It’s a strange task that Tom Marinelli has been handed – trying to keep out more than 10,000 loyal customers from 30 sites spread across Ontario.
But that’s what the CIO of the Ontario Lottery and Gaming Corp. (OLG) has been asked to do.
The OLG has long offered a self-exclusion list as an aid to problem gamblers who are trying to quit their expensive habit. But it never had a fool-proof way to make sure those who placed themselves on the list were denied entry to gaming sites.
Casinos and slot sites used to rely on binders filled with photographs and the memory of security guards to weed out those who were self-excluded. But guards found it impossible to memorize the 10,000 photos crammed into 22 binders.

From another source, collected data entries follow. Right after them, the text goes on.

(* For any tournament $\mathrel{W}$, every $\mathrel{W}$-efficient ranking is $\mathrel{W}$-unimprovable.
   Context: Let $\mathcal{X}$ be a finite set of alternatives. A proto-ranking is an irreflexive and transitive binary relation on $\mathcal{X}$; a ranking is a total proto-ranking; a tournament is a total and asymmetric binary relation on $\mathcal{X}$. The chair has a fixed preference $\succ$, a ranking on $\mathcal{X}$. Interaction: given a tournament $\mathrel{W}$, start from $R_0=\varnothing$; in each period with $R_{t-1}$ not total the chair offers a pair $\{x,y\}$ unranked by $R_{t-1}$, the winner is $x$ if $x\mathrel{W}y$ and $y$ otherwise, and $R_t$ is the transitive closure of $R_{t-1}\cup\{(\text{winner},\text{loser})\}$; stop when $R_t$ is total. A strategy assigns to each non-terminal history (sequence of (winner, loser) pairs) a pair unranked at it; its outcome under $\mathrel{W}$ is the final ranking. A ranking is $\mathrel{W}$-feasible if it is the outcome under $\mathrel{W}$ of some strategy. $R$ is more aligned with $\succ$ than $R'$ if for all $x\succ y$, $xR'y$ implies $xRy$. A ranking is $\mathrel{W}$-unimprovable if no other $\mathrel{W}$-feasible ranking is more aligned with $\succ$ than it. A ranking $R$ is $\mathrel{W}$-efficient if $x\succ y$ and $x\mathrel{W}y$ imply $xRy$. *)

theory Defs
  imports Main
begin

definition proto_ranking :: "'a set \<Rightarrow> 'a rel \<Rightarrow> bool" where
  "proto_ranking X R \<longleftrightarrow> R \<subseteq> X \<times> X \<and> irrefl_on X R \<and> trans R"

definition ranking :: "'a set \<Rightarrow> 'a rel \<Rightarrow> bool" where
  "ranking X R \<longleftrightarrow> proto_ranking X R \<and> total_on X R"

definition tournament :: "'a set \<Rightarrow> 'a rel \<Rightarrow> bool" where
  "tournament X W \<longleftrightarrow> W \<subseteq> X \<times> X \<and> total_on X W
     \<and> (\<forall>x y. (x, y) \<in> W \<longrightarrow> (y, x) \<notin> W)"

definition unranked :: "'a set \<Rightarrow> 'a rel \<Rightarrow> 'a \<times> 'a \<Rightarrow> bool" where
  "unranked X R p \<longleftrightarrow> fst p \<in> X \<and> snd p \<in> X \<and> fst p \<noteq> snd p
     \<and> (fst p, snd p) \<notin> R \<and> (snd p, fst p) \<notin> R"

text \<open>Relation generated by a history (list of (winner, loser) pairs):
  R_0 = {} and R_t = transitive closure of R_{t-1} plus the new pair.\<close>
definition hist_rel :: "('a \<times> 'a) list \<Rightarrow> 'a rel" where
  "hist_rel h = foldl (\<lambda>R p. trancl (R \<union> {p})) {} h"

text \<open>Result of offering the pair {x,y} under W: (winner, loser).\<close>
definition contest :: "'a rel \<Rightarrow> 'a \<times> 'a \<Rightarrow> 'a \<times> 'a" where
  "contest W p = (if (fst p, snd p) \<in> W then (fst p, snd p) else (snd p, fst p))"

text \<open>A strategy assigns to every non-terminal history an unranked pair
  (the unordered pair {x,y} is represented by an ordered pair).\<close>
definition strategy :: "'a set \<Rightarrow> (('a \<times> 'a) list \<Rightarrow> 'a \<times> 'a) \<Rightarrow> bool" where
  "strategy X \<sigma> \<longleftrightarrow> (\<forall>h. set h \<subseteq> X \<times> X \<longrightarrow> \<not> total_on X (hist_rel h)
      \<longrightarrow> unranked X (hist_rel h) (\<sigma> h))"

fun play :: "'a set \<Rightarrow> 'a rel \<Rightarrow> (('a \<times> 'a) list \<Rightarrow> 'a \<times> 'a) \<Rightarrow> nat \<Rightarrow> ('a \<times> 'a) list" where
  "play X W \<sigma> 0 = []"
| "play X W \<sigma> (Suc n) = (let h = play X W \<sigma> n in
      if total_on X (hist_rel h) then h else h @ [contest W (\<sigma> h)])"

definition outcome :: "'a set \<Rightarrow> 'a rel \<Rightarrow> (('a \<times> 'a) list \<Rightarrow> 'a \<times> 'a) \<Rightarrow> 'a rel \<Rightarrow> bool" where
  "outcome X W \<sigma> R \<longleftrightarrow> (\<exists>n. total_on X (hist_rel (play X W \<sigma> n)) \<and> R = hist_rel (play X W \<sigma> n))"

definition feasible :: "'a set \<Rightarrow> 'a rel \<Rightarrow> 'a rel \<Rightarrow> bool" where
  "feasible X W R \<longleftrightarrow> ranking X R \<and> (\<exists>\<sigma>. strategy X \<sigma> \<and> outcome X W \<sigma> R)"

text \<open>R is more aligned with P (the chair's preference) than R'.\<close>
definition more_aligned :: "'a rel \<Rightarrow> 'a rel \<Rightarrow> 'a rel \<Rightarrow> bool" where
  "more_aligned P R R' \<longleftrightarrow> (\<forall>x y. (x, y) \<in> P \<longrightarrow> (x, y) \<in> R' \<longrightarrow> (x, y) \<in> R)"

definition unimprovable :: "'a set \<Rightarrow> 'a rel \<Rightarrow> 'a rel \<Rightarrow> 'a rel \<Rightarrow> bool" where
  "unimprovable X P W R \<longleftrightarrow> ranking X R \<and>
     \<not> (\<exists>R'. feasible X W R' \<and> R' \<noteq> R \<and> more_aligned P R' R)"

definition efficient :: "'a set \<Rightarrow> 'a rel \<Rightarrow> 'a rel \<Rightarrow> 'a rel \<Rightarrow> bool" where
  "efficient X P W R \<longleftrightarrow> ranking X R \<and>
     (\<forall>x y. (x, y) \<in> P \<longrightarrow> (x, y) \<in> W \<longrightarrow> (x, y) \<in> R)"

end

theory Submission
  imports Defs
begin

text \<open>Every feasible ranking is the transitive closure of a set of W-edges, namely the
  contests actually played. If a feasible R' differed from the efficient R, the two would
  order some pair oppositely, and along a chain of played edges witnessing the R'-order some
  single edge (a, b) \<in> W would be reversed by R. Comparing a and b under the chair's
  preference gives a contradiction either way: if a is preferred, efficiency puts (a, b) into
  R; if b is preferred, alignment of R' puts (b, a) into R', which already contains (a, b).\<close>

lemma foldl_trancl_insert:
  "trans A \<Longrightarrow> foldl (\<lambda>R p. trancl (R \<union> {p})) A h = trancl (A \<union> set h)"
proof (induction h arbitrary: A)
  case Nil
  then show ?case by simp
next
  case (Cons p h)
  have "foldl (\<lambda>R p. trancl (R \<union> {p})) A (p # h)
      = trancl (trancl (A \<union> {p}) \<union> set h)"
    using Cons.IH[of "trancl (A \<union> {p})"] by simp
  also have "\<dots> = trancl (A \<union> set (p # h))"
    by (simp add: trancl_trancl_Un Un_assoc insert_commute)
  finally show ?case .
qed

lemma hist_rel_eq_trancl: "hist_rel h = trancl (set h)"
  unfolding hist_rel_def using foldl_trancl_insert[of "{}" h] by (simp add: trans_def)

lemma contest_in_tournament:
  assumes "tournament X W" and "unranked X R p"
  shows "contest W p \<in> W"
  using assms unfolding tournament_def total_on_def unranked_def contest_def
  by (cases p) auto

lemma set_play_subset:
  assumes "tournament X W" and "strategy X \<sigma>"
  shows "set (play X W \<sigma> n) \<subseteq> W"
proof (induction n)
  case 0
  then show ?case by simp
next
  case (Suc n)
  let ?h = "play X W \<sigma> n"
  have "set ?h \<subseteq> X \<times> X"
    using Suc.IH assms(1) unfolding tournament_def by blast
  then have "\<not> total_on X (hist_rel ?h) \<Longrightarrow> contest W (\<sigma> ?h) \<in> W"
    using assms contest_in_tournament unfolding strategy_def by blast
  then show ?case
    using Suc.IH by (simp add: Let_def)
qed

lemma feasible_eq_trancl:
  assumes "tournament X W" and "feasible X W R"
  obtains S where "S \<subseteq> W" and "R = trancl S"
  using assms set_play_subset hist_rel_eq_trancl
  unfolding feasible_def outcome_def by metis

lemma ranking_subset: "ranking X R \<Longrightarrow> R \<subseteq> X \<times> X"
  unfolding ranking_def proto_ranking_def by blast

lemma ranking_asym:
  assumes "ranking X R" and "(x, y) \<in> R"
  shows "(y, x) \<notin> R"
  using assms unfolding ranking_def proto_ranking_def irrefl_on_def trans_def by blast

lemma ranking_total:
  assumes "ranking X R" and "x \<in> X" and "y \<in> X" and "x \<noteq> y"
  shows "(x, y) \<in> R \<or> (y, x) \<in> R"
  using assms unfolding ranking_def total_on_def by blast

lemma ranking_converse_if_not_mem:
  assumes R: "ranking X R" and R': "ranking X R'" and "(x, y) \<in> R'" and "(x, y) \<notin> R"
  shows "(y, x) \<in> R"
proof -
  have "x \<in> X" "y \<in> X" using \<open>(x, y) \<in> R'\<close> ranking_subset[OF R'] by auto
  moreover have "x \<noteq> y" using \<open>(x, y) \<in> R'\<close> ranking_asym[OF R' \<open>(x, y) \<in> R'\<close>] by blast
  ultimately show ?thesis using ranking_total[OF R] \<open>(x, y) \<notin> R\<close> by blast
qed

lemma ranking_neq_reversed_pair:
  assumes R: "ranking X R" and R': "ranking X R'" and "R' \<noteq> R"
  obtains x y where "(x, y) \<in> R'" and "(y, x) \<in> R"
proof -
  obtain x y where "(x, y) \<in> R' \<and> (x, y) \<notin> R \<or> (x, y) \<in> R \<and> (x, y) \<notin> R'"
    using assms(3) by auto
  then show thesis
  proof (elim disjE conjE)
    assume "(x, y) \<in> R'" "(x, y) \<notin> R"
    then show thesis using that ranking_converse_if_not_mem[OF R R'] by blast
  next
    assume "(x, y) \<in> R" "(x, y) \<notin> R'"
    then show thesis using that ranking_converse_if_not_mem[OF R' R] by blast
  qed
qed

lemma trancl_reversed_edge:
  assumes "(x, y) \<in> trancl S" and "S \<subseteq> X \<times> X" and "(y, x) \<in> R"
    and "trans R" and "total_on X R"
  obtains a b where "(a, b) \<in> S" and "(b, a) \<in> R"
proof -
  from assms(1,3) have "\<exists>a b. (a, b) \<in> S \<and> (b, a) \<in> R"
  proof (induction rule: trancl_induct)
    case (base y)
    then show ?case by blast
  next
    case (step y z)
    have "y \<in> X" "z \<in> X" using step.hyps(2) assms(2) by auto
    then have "(z, y) \<in> R \<or> z = y \<or> (y, z) \<in> R"
      using assms(5) unfolding total_on_def by blast
    then show ?case
    proof (elim disjE)
      assume "(z, y) \<in> R"
      then show ?thesis using step.hyps(2) by blast
    next
      assume "z = y"
      then show ?thesis using step.IH step.prems by blast
    next
      assume "(y, z) \<in> R"
      then have "(y, x) \<in> R" using step.prems assms(4) unfolding trans_def by blast
      then show ?thesis using step.IH by blast
    qed
  qed
  then show thesis using that by blast
qed

theorem lemma1:
  fixes X :: "'a set" and P W R :: "'a rel"
  assumes "finite X" and "ranking X P" and "tournament X W"
    and "efficient X P W R"
  shows "unimprovable X P W R"
proof -
  have R: "ranking X R" using assms(4) unfolding efficient_def by blast
  have "False" if feasible: "feasible X W R'" and "R' \<noteq> R" and aligned: "more_aligned P R' R"
    for R'
  proof -
    have R': "ranking X R'" using feasible unfolding feasible_def by blast
    obtain S where "S \<subseteq> W" and R'_eq: "R' = trancl S"
      using feasible_eq_trancl[OF assms(3) feasible] .
    have "S \<subseteq> X \<times> X" using \<open>S \<subseteq> W\<close> assms(3) unfolding tournament_def by blast
    obtain x y where "(x, y) \<in> R'" "(y, x) \<in> R"
      using ranking_neq_reversed_pair[OF R R' \<open>R' \<noteq> R\<close>] .
    moreover have "trans R" "total_on X R" using R unfolding ranking_def proto_ranking_def by auto
    ultimately obtain a b where ab: "(a, b) \<in> S" and ba: "(b, a) \<in> R"
      using trancl_reversed_edge[of x y S X R] \<open>S \<subseteq> X \<times> X\<close> R'_eq by blast
    have "(a, b) \<in> R'" unfolding R'_eq using ab by (rule r_into_trancl')
    have "(a, b) \<in> P \<or> (b, a) \<in> P"
      using ranking_converse_if_not_mem[OF assms(2) R' \<open>(a, b) \<in> R'\<close>] by blast
    then show False
    proof
      assume "(a, b) \<in> P"
      with ab \<open>S \<subseteq> W\<close> have "(a, b) \<in> R" using assms(4) unfolding efficient_def by blast
      then show False using ranking_asym[OF R ba] by contradiction
    next
      assume "(b, a) \<in> P"
      with ba have "(b, a) \<in> R'" using aligned unfolding more_aligned_def by blast
      then show False using ranking_asym[OF R' \<open>(a, b) \<in> R'\<close>] by contradiction
    qed
  qed
  then show ?thesis using R unfolding unimprovable_def by blast
qed

end
(* Let $G$ be a $B_2$-EPG graph given with a representation, let $a$ be a row, and let $Y$ be a nonempty set of vertices whose indices all contain $a$. Suppose the projection graph of $Y$ on $a$ is a clique. Then there is a proper typed interval $t$ on row $a$ such that: (1) every vertex of $Y$ contains $t$; (2) for every vertex $u$ whose index is $\{a\}$ or $\{a,c\}$ where the row $c$ is not in the index of any vertex of $Y$, $u$ is adjacent to every vertex of $Y$ if and only if $u$ intersects $t$.
   Context: A graph $G$ is a $B_k$-EPG graph if each vertex $u$ can be assigned a path $P_u$ in the planar orthogonal grid with at most $k$ bends such that $uv\in E(G)$ iff $P_u$ and $P_v$ share at least one grid edge (a representation); for $B_2$-EPG graphs one assumes w.l.o.g. every path has exactly two bends. A vertex $u$ intersects a row if $P_u$ contains a grid edge of that row; the index of $u$ is the set of rows it intersects. If $a$ is in the index of $u$, $P_u^a$ is the segment of row $a$ between the two points of row $a$ where $P_u$ stops or bends. Types: $\emptyset$, $\mathsf d$, $\mathsf u$. A typed interval on row $a$ is $[x\alpha, y\beta]$ with $\alpha\le\beta$ points of row $a$ and $x,y$ types; it is proper if $\alpha\neq\beta$, or $\alpha=\beta$, $x=y$ and $x\in\{\mathsf u,\mathsf d\}$. For typed intervals $t=[x\alpha,y\beta]$, $t'=[x'\alpha',y'\beta']$ on row $a$ and an endpoint $z\gamma\in\{x'\alpha',y'\beta'\}$ of $t'$, $t$ is coherent with $z\gamma$ if (i) $\gamma\in(\alpha,\beta)$ (open interval), or (ii) $z=\emptyset$ and $[\alpha,\beta]$ contains the grid edge of $[\alpha',\beta']$ incident to $\gamma$, or (iii) $z\neq\emptyset$ and $z\gamma\in\{x\alpha,y\beta\}$. $t$ contains $t'$ if $[\alpha',\beta']\subseteq[\alpha,\beta]$ and $t$ is coherent with both endpoints of $t'$. $t$ intersects $t'$ if $[\alpha,\beta]\cap[\alpha',\beta']$ contains a grid edge, or $t$ is coherent with an endpoint of $t'$, or $t'$ is coherent with an endpoint of $t$. The t-projection of $u$ on $a$ is $[x\alpha,y\beta]$ where $\alpha,\beta$ are the endpoints of $P_u^a$ and the type of an endpoint $\gamma$ is $\emptyset$ if $P_u$ ends at $\gamma$, $\mathsf d$ if $P_u$ bends downwards at $\gamma$, $\mathsf u$ if upwards. A vertex contains (intersects) a typed interval $t$ on $a$ if its t-projection on $a$ contains (intersects) $t$. The projection graph of a set $Y$ of vertices whose indices contain $a$ is the graph on $Y$ in which $u,v$ are adjacent iff their t-projections on $a$ intersect. *)

theory Defs
  imports Main
begin

text \<open>Grid points are pairs (x, y) of integers; row y = a is the horizontal line
  of all points (x, a); y increases upwards.\<close>
type_synonym point = "int \<times> int"

text \<open>Grid edges: HE x y joins (x,y) and (x+1,y); VE x y joins (x,y) and (x,y+1).\<close>
datatype gedge = HE int int | VE int int

definition seg_edges :: "point \<Rightarrow> point \<Rightarrow> gedge set" where
  "seg_edges p q =
     (if snd p = snd q then {HE x (snd p) | x. min (fst p) (fst q) \<le> x \<and> x < max (fst p) (fst q)}
      else if fst p = fst q then {VE (fst p) y | y. min (snd p) (snd q) \<le> y \<and> y < max (snd p) (snd q)}
      else {})"

text \<open>A grid path is represented by the list of its corner points: its two end points
  and its bend points, in order.  Its grid edges are those of its maximal straight segments.\<close>
definition path_edges :: "point list \<Rightarrow> gedge set" where
  "path_edges ps = (\<Union>i < length ps - 1. seg_edges (ps ! i) (ps ! Suc i))"

definition horiz_seg :: "point \<Rightarrow> point \<Rightarrow> bool" where
  "horiz_seg p q \<longleftrightarrow> snd p = snd q \<and> fst p \<noteq> fst q"

definition vert_seg :: "point \<Rightarrow> point \<Rightarrow> bool" where
  "vert_seg p q \<longleftrightarrow> fst p = fst q \<and> snd p \<noteq> snd q"

text \<open>A grid path with exactly two bends: corner list [p0,p1,p2,p3] whose three segments
  are non-degenerate and alternate horizontal/vertical (each bend is a right-angle turn;
  such a path is automatically simple).\<close>
definition two_bend_path :: "point list \<Rightarrow> bool" where
  "two_bend_path ps \<longleftrightarrow> length ps = 4 \<and>
     ((horiz_seg (ps!0) (ps!1) \<and> vert_seg (ps!1) (ps!2) \<and> horiz_seg (ps!2) (ps!3)) \<or>
      (vert_seg (ps!0) (ps!1) \<and> horiz_seg (ps!1) (ps!2) \<and> vert_seg (ps!2) (ps!3)))"

definition B2_EPG_rep :: "'v set \<Rightarrow> ('v \<Rightarrow> 'v \<Rightarrow> bool) \<Rightarrow> ('v \<Rightarrow> point list) \<Rightarrow> bool" where
  "B2_EPG_rep V E P \<longleftrightarrow>
     (\<forall>u\<in>V. two_bend_path (P u)) \<and>
     (\<forall>u\<in>V. \<forall>v\<in>V. E u v \<longleftrightarrow> u \<noteq> v \<and> path_edges (P u) \<inter> path_edges (P v) \<noteq> {})"

definition index :: "('v \<Rightarrow> point list) \<Rightarrow> 'v \<Rightarrow> int set" where
  "index P u = {a. \<exists>x. HE x a \<in> path_edges (P u)}"

datatype ttype = TEmpty | TDown | TUp

text \<open>A typed interval [x alpha, y beta] on a (fixed) row is ((x, alpha), (y, beta)) with alpha \<le> beta;
  alpha, beta are the x-coordinates of points of that row.\<close>
type_synonym tint = "(ttype \<times> int) \<times> (ttype \<times> int)"
(* Let $\omega(y)=\sum_{k\ge0}a_ky^k$ ($a_k\ge 0$, radius of convergence $R>0$) and let $V$ be the covariance of the power series distribution of $\omega$. Then for every $n\in\mathbb{N}$ and every constant $C>0$, the function $x\mapsto n^2V(x/n)$ is the covariance of the power series distribution of the function $C\omega(y^n)$.
   Context: For a power series $\omega$ with non-negative coefficients and radius of convergence $R>0$, the power series distribution (PSD) of $\omega$ with parameter $y\in(0,R)$ is the law on $\{0,1,2,\dots\}$ given by $P\{\xi=k\}=a_ky^k/\omega(y)$. Its mean is $x(y)=y\omega'(y)/\omega(y)$ and its variance is $y\,x'(y)>0$ (nondegenerate case), so $x(\cdot)$ has an inverse $y=f(x)$ on its range. The covariance of the PSD of $\omega$ is the function $V(x)=f(x)/f'(x)$, i.e. the variance expressed as a function of the mean $x$. *)

theory Defs
  imports "HOL-Analysis.Analysis"
begin

definition pseries :: "(nat \<Rightarrow> real) \<Rightarrow> real \<Rightarrow> real" where
  "pseries a y = (\<Sum>k. a k * y ^ k)"

definition psd_params :: "(nat \<Rightarrow> real) \<Rightarrow> real set" where
  "psd_params a = {y. 0 < y \<and> ereal y < conv_radius a}"

definition psd_mean :: "(nat \<Rightarrow> real) \<Rightarrow> real \<Rightarrow> real" where
  "psd_mean a y = y * deriv (pseries a) y / pseries a y"

definition psd_mean_range :: "(nat \<Rightarrow> real) \<Rightarrow> real set" where
  "psd_mean_range a = psd_mean a ` psd_params a"
lemma funpow_transpose_scalar_prod:
  fixes T :: "'a::comm_ring_1 mat"
  assumes T: "T \<in> carrier_mat n n" and \<xi>: "\<xi> \<in> carrier_vec n" and v: "v \<in> carrier_vec n"
  shows "((\<lambda>x. transpose_mat T *\<^sub>v x) ^^ j) \<xi> \<bullet> v = \<xi> \<bullet> (T ^\<^sub>m j *\<^sub>v v)"
  using v
proof (induction j arbitrary: v)
  case (Suc j)
  have "((\<lambda>x. transpose_mat T *\<^sub>v x) ^^ Suc j) \<xi> \<bullet> v = ((\<lambda>x. transpose_mat T *\<^sub>v x) ^^ j) \<xi> \<bullet> (T *\<^sub>v v)"
    using T Suc.prems funpow_mult_mat_vec_carrier[of "transpose_mat T" n \<xi> j] \<xi>
    by (simp add: transpose_vec_mult_scalar)
  also have "\<dots> = \<xi> \<bullet> (T ^\<^sub>m j *\<^sub>v (T *\<^sub>v v))"
    using T Suc by simp
  also have "\<dots> = \<xi> \<bullet> (T ^\<^sub>m Suc j *\<^sub>v v)"
    using T Suc.prems by (simp add: assoc_mult_mat_vec[of "T ^\<^sub>m j" n n T n v])
  finally show ?case .
qed (use T \<xi> in simp)

section \<open>Controllability and observability\<close>

lemma controllable_left_kernel:
  assumes A: "A \<in> carrier_mat nx nx" and B: "B \<in> carrier_mat nx nu" and ctrb: "controllable A B"
    and \<xi>: "\<xi> \<in> carrier_vec nx"
    and ker: "\<forall>j. transpose_mat B *\<^sub>v ((\<lambda>x. transpose_mat A *\<^sub>v x) ^^ j) \<xi> = 0\<^sub>v nu"
  shows "\<xi> = 0\<^sub>v nx"
proof (rule full_rank_left_kernel)
  show "ctrb_mat A B \<in> carrier_mat nx (nx * nu)" "vec_space.rank nx (ctrb_mat A B) = nx"
    using A B ctrb unfolding ctrb_mat_def controllable_def by auto
  show "\<forall>jj<nx * nu. (\<Sum>i<nx. \<xi> $ i * ctrb_mat A B $$ (i, jj)) = 0"
  proof (intro allI impI)
    fix jj assume jj: "jj < nx * nu"
    let ?j = "jj div nu" and ?l = "jj mod nu"
    have l: "?l < nu" using jj by (cases nu) auto
    let ?it = "((\<lambda>x. transpose_mat A *\<^sub>v x) ^^ ?j) \<xi>"
    have it: "?it \<in> carrier_vec nx" using funpow_mult_mat_vec_carrier[of "transpose_mat A"] A \<xi> by simp
    have "(\<Sum>i<nx. \<xi> $ i * ctrb_mat A B $$ (i, jj)) = \<xi> \<bullet> col (A ^\<^sub>m ?j * B) ?l"
      using A B jj l \<xi> by (simp add: ctrb_mat_def scalar_prod_def lessThan_atLeast0)
    also have "\<dots> = ?it \<bullet> col B ?l"
      using A B l \<xi> by (simp add: col_mult2[OF pow_carrier_mat[OF A] B l] funpow_transpose_scalar_prod)
    also have "\<dots> = (transpose_mat B *\<^sub>v ?it) $ ?l"
      using B l it by (simp add: comm_scalar_prod[of _ nx])
    finally show "(\<Sum>i<nx. \<xi> $ i * ctrb_mat A B $$ (i, jj)) = 0" using ker l by simp
  qed
qed (rule \<xi>)

lemma outputs_agree_if_agree_initially:
  fixes A B C :: "real mat"
  assumes A: "A \<in> carrier_mat nx nx" and B: "B \<in> carrier_mat nx nu" and C: "C \<in> carrier_mat ny nx"
    and x: "\<forall>k<L. x k \<in> carrier_vec nx" and x': "\<forall>k<L. x' k \<in> carrier_vec nx"
    and u: "\<forall>k<L. u k \<in> carrier_vec nu"
    and dyn: "\<forall>k. Suc k < L \<longrightarrow> x (Suc k) = A *\<^sub>v x k + B *\<^sub>v u k"
    and dyn': "\<forall>k. Suc k < L \<longrightarrow> x' (Suc k) = A *\<^sub>v x' k + B *\<^sub>v u k"
    and init: "\<forall>k<nx. C *\<^sub>v x k = C *\<^sub>v x' k" and nxL: "nx \<le> L"
    and k: "k < L"
  shows "C *\<^sub>v x k = C *\<^sub>v x' k"
proof -
  define e where "e k = x k - x' k" for k
  have step: "e (Suc k) = A *\<^sub>v e k" if "Suc k < L" for k
  proof -
    have "A *\<^sub>v e k = A *\<^sub>v x k - A *\<^sub>v x' k"
      unfolding e_def using A x x' that by (intro mult_minus_distrib_mat_vec) auto
    thus ?thesis using A B x x' u dyn dyn' that unfolding e_def by (intro eq_vecI) auto
  qed
  have e: "e k = ((\<lambda>v. A *\<^sub>v v) ^^ k) (e 0)" if "k < L" for k
    using that by (induction k) (simp_all add: step)
  have Ce: "C *\<^sub>v e k = C *\<^sub>v x k - C *\<^sub>v x' k" if "k < L" for k
    unfolding e_def using C x x' that by (simp add: mult_minus_distrib_mat_vec)
  have "C *\<^sub>v ((\<lambda>v. A *\<^sub>v v) ^^ j) (e 0) = 0\<^sub>v ny" if "j < nx" for j
    using Ce[of j] e[of j] init C x that nxL by auto
  hence "C *\<^sub>v e k = 0\<^sub>v ny"
    using iterates_annihilated_if_first_n[OF A C, of "e 0"] e[OF k] x x' nxL k
    unfolding e_def by auto
  hence diff: "C *\<^sub>v x k - C *\<^sub>v x' k = 0\<^sub>v ny" using Ce[OF k] by simp
  show ?thesis
  proof (rule eq_vecI)
    fix i assume "i < dim_vec (C *\<^sub>v x' k)"
    hence "i < ny" using C by simp
    thus "(C *\<^sub>v x k) $ i = (C *\<^sub>v x' k) $ i"
      using arg_cong[OF diff, of "\<lambda>v. v $ i"] C by simp
  qed (use C in simp)
qed

section \<open>Stacked sequences and the matrices \<open>\<Gamma>\<close>\<close>

lemma stack_carrier [simp]: "stack n x a b \<in> carrier_vec (n * (b - a))"
  unfolding stack_def by simp

lemma stack_cong:
  assumes "\<And>k. a \<le> k \<Longrightarrow> k < b \<Longrightarrow> x k = x' k"
  shows "stack n x a b = stack n x' a b"
proof -
  have "a + r div n < b" if "r < n * (b - a)" for r
    using that less_mult_imp_div_less[of r "b - a" n] by (simp add: mult.commute)
  thus ?thesis unfolding stack_def using assms by (intro eq_vecI) auto
qed

lemma stack_append:
  assumes "a \<le> b" "b \<le> c"
  shows "stack n x a b @\<^sub>v stack n x b c = stack n x a c"
proof (rule eq_vecI)
  have len: "n * (b - a) + n * (c - b) = n * (c - a)"
    using assms by (simp add: diff_mult_distrib2)
  then show "dim_vec (stack n x a b @\<^sub>v stack n x b c) = dim_vec (stack n x a c)"
    by (simp add: stack_def)
  fix r assume "r < dim_vec (stack n x a c)"
  hence r: "r < n * (b - a) + n * (c - b)" using len by (simp add: stack_def)
  show "(stack n x a b @\<^sub>v stack n x b c) $ r = stack n x a c $ r"
  proof (cases "r < n * (b - a)")
    case False
    then obtain t where t: "r = n * (b - a) + t" by (metis le_add_diff_inverse not_less)
    have "0 < n" using r by (cases n) auto
    hence "b + t div n = a + r div n" "t mod n = r mod n"
      using assms unfolding t by simp_all
    thus ?thesis using r False t len by (simp add: stack_def)
  qed (use r len in \<open>simp add: stack_def\<close>)
qed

The answer to this conundrum was to tap into a facial recognition system the OLG already used to catch cheaters. But widening the scope of the technology isn’t easy, Marinelli says.
“Our challenge was to strengthen the existing responsible gaming initiative, using facial recognition to [prevent] self-excluded patrons from entering casinos,” the CIO says. “Meanwhile, we had to ensure the privacy and security of all patrons.”
Marinelli described the OLG’s plan to adapt facial recognition technology at a Jan. 28 conference hosted by Ontario Privacy Commissioner Ann Cavoukian. The conference theme focused on technologies that were built with privacy as a priority.
OLG was motivated to find a better way to keep self-excluded gamblers from their locations. Despite having members on the list sign a statement releasing the OLG from any liability, the corporation was sued by nine different people over decade, according to media reports.
OLG settled all the cases for a total of $1.5 million.
To build in a system that would protect the privacy of customers subject to the facial recognition system, Marinelli called upon the University of Toronto. A research and development phase began in November 2007 and wrapped up in August 2008.
“We were asked to examine if it is possible to use a privacy enhancing solution such as the celebrated Biometric Encryption Method in conjunction with commercial face recognition tools,” says Kostas Plataniotis, a professor of electrical and computer engineering at the University of Toronto. “In our case, the personal information is considered to be the facial image itself.”
The solution is a clever system that makes use of cross-referenced databases that are essentially unlocked by the image of a self-excluded patron’s face. Self-excluded patrons will register themselves with the system by having their image taken.
With the image of their face, a biometric template and unique identification number are kept in a facial recognition database, Marinelli explains. This is a just a numerical reference that doesn’t identify the person in any way.
Next, another numerical key is generated and used as the reference to the self-exclusion database, where all of the subject’s personal information is stored. This includes their name and address. This numerical key is bound together with the unique identification number based on the facial template and stored in a new helper database. This ensures there is no direct relationship between the subject’s biometric template and their personal information.
So when that self-excluded patron gives in to temptation and walks into an OLG site, their face is caught on camera. It generates the same unique identification number, and that acts as an unlocking mechanism that allows the database to retrieve the personal information as well.
“The subject’s personal information is only released when a correct biometric match is made,” Marinelli says. “Remember, all of this is happening in real time.”
If a patron’s face is scanned and they are not on the self-excluded list, the system will “forget” the information immediately.
Researchers developing the technology took false positives into consideration – when a patron is accidentally identified as someone else on the self-excluded list, Plataniotis says.
“Measuring across a set of subjects enrolled in the system, we determined the fraction which were incorrectly identified and thus rejected,” he says. “Yes, there are always problems, the issue is to keep errors to a minimum.”
According to Marinelli, while it’s not impossible that an incorrect identification would be made, you wouldn’t want to bet on the odds that it will happen to you.
The OLG has issued a request for proposals and is waiting for a vendor to integrate the new technology into a facial recognition system. It has already begun to deploy the detection equipment at some locations and has opened a lab for testing purposes.
Soon enough, Marinelli hopes the facial recognition technology will help him with his strange task – refusing entry to some of his best customers.